* **What you will do**:
Whenever a line in the data holds the string "repetitions", pull that line out.

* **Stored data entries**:

[Start of Attachment]

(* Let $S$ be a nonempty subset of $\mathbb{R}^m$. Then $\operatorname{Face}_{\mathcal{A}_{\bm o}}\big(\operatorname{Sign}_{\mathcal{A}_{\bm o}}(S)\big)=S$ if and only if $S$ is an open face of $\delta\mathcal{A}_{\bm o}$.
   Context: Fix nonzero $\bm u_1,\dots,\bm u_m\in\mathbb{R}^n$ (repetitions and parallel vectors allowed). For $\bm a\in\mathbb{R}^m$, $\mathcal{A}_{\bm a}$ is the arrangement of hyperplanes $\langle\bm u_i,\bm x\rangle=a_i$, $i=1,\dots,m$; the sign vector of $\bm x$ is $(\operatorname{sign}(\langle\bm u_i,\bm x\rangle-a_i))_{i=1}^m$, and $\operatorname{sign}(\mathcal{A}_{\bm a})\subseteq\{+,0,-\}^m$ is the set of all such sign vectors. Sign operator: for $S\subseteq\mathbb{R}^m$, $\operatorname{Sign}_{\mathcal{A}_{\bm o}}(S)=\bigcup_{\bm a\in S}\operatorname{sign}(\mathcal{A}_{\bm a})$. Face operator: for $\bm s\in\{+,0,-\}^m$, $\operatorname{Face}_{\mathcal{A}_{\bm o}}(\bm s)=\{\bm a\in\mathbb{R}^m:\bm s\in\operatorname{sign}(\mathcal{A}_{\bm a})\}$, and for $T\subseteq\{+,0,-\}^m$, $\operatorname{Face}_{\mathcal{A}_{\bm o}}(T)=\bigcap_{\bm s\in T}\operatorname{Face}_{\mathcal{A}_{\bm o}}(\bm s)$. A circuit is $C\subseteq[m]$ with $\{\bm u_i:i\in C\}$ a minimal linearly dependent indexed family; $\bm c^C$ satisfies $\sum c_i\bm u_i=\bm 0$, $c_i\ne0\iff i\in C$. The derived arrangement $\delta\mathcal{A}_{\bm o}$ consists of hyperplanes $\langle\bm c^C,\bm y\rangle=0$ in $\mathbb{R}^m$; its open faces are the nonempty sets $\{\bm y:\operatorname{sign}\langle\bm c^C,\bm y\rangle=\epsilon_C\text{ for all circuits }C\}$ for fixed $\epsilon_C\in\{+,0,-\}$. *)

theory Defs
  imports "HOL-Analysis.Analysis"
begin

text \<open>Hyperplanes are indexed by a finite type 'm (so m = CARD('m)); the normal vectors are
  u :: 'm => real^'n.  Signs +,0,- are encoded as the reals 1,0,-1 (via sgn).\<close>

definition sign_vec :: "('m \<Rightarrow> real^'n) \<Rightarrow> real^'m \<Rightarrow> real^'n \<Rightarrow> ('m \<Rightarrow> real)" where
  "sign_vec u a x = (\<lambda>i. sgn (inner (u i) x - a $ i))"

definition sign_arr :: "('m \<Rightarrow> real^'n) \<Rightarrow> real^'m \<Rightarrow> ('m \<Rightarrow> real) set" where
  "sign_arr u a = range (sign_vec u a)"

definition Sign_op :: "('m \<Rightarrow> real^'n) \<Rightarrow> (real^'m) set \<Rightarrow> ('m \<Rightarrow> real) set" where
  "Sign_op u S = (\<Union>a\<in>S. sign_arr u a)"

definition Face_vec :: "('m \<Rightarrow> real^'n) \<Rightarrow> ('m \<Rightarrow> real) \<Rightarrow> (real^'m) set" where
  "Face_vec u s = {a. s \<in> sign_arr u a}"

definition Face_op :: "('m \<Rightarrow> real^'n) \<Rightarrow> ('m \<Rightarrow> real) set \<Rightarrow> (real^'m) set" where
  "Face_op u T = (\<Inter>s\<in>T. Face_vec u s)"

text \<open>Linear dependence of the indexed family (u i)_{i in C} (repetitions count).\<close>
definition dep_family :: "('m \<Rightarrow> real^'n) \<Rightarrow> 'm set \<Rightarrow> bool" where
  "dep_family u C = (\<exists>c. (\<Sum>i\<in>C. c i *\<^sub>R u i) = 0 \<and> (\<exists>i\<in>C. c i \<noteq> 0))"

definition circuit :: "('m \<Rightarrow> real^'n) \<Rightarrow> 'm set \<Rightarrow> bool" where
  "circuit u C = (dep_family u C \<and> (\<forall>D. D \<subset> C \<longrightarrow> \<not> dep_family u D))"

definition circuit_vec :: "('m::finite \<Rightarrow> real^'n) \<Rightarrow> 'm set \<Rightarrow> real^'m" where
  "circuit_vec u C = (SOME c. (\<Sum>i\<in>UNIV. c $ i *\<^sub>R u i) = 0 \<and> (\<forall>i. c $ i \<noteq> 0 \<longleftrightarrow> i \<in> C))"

[End of Attachment]

* **Problem solution**:
   Context: Fix nonzero $\bm u_1,\dots,\bm u_m\in\mathbb{R}^n$ (repetitions and parallel vectors allowed). For $\bm a\in\mathbb{R}^m$, $\mathcal{A}_{\bm a}$ is the arrangement of hyperplanes $\langle\bm u_i,\bm x\rangle=a_i$, $i=1,\dots,m$; the sign vector of $\bm x$ is $(\operatorname{sign}(\langle\bm u_i,\bm x\rangle-a_i))_{i=1}^m$, and $\operatorname{sign}(\mathcal{A}_{\bm a})\subseteq\{+,0,-\}^m$ is the set of all such sign vectors. Sign operator: for $S\subseteq\mathbb{R}^m$, $\operatorname{Sign}_{\mathcal{A}_{\bm o}}(S)=\bigcup_{\bm a\in S}\operatorname{sign}(\mathcal{A}_{\bm a})$. Face operator: for $\bm s\in\{+,0,-\}^m$, $\operatorname{Face}_{\mathcal{A}_{\bm o}}(\bm s)=\{\bm a\in\mathbb{R}^m:\bm s\in\operatorname{sign}(\mathcal{A}_{\bm a})\}$, and for $T\subseteq\{+,0,-\}^m$, $\operatorname{Face}_{\mathcal{A}_{\bm o}}(T)=\bigcap_{\bm s\in T}\operatorname{Face}_{\mathcal{A}_{\bm o}}(\bm s)$. A circuit is $C\subseteq[m]$ with $\{\bm u_i:i\in C\}$ a minimal linearly dependent indexed family; $\bm c^C$ satisfies $\sum c_i\bm u_i=\bm 0$, $c_i\ne0\iff i\in C$. The derived arrangement $\delta\mathcal{A}_{\bm o}$ consists of hyperplanes $\langle\bm c^C,\bm y\rangle=0$ in $\mathbb{R}^m$; its open faces are the nonempty sets $\{\bm y:\operatorname{sign}\langle\bm c^C,\bm y\rangle=\epsilon_C\text{ for all circuits }C\}$ for fixed $\epsilon_C\in\{+,0,-\}$. *)
text \<open>Linear dependence of the indexed family (u i)_{i in C} (repetitions count).\<close>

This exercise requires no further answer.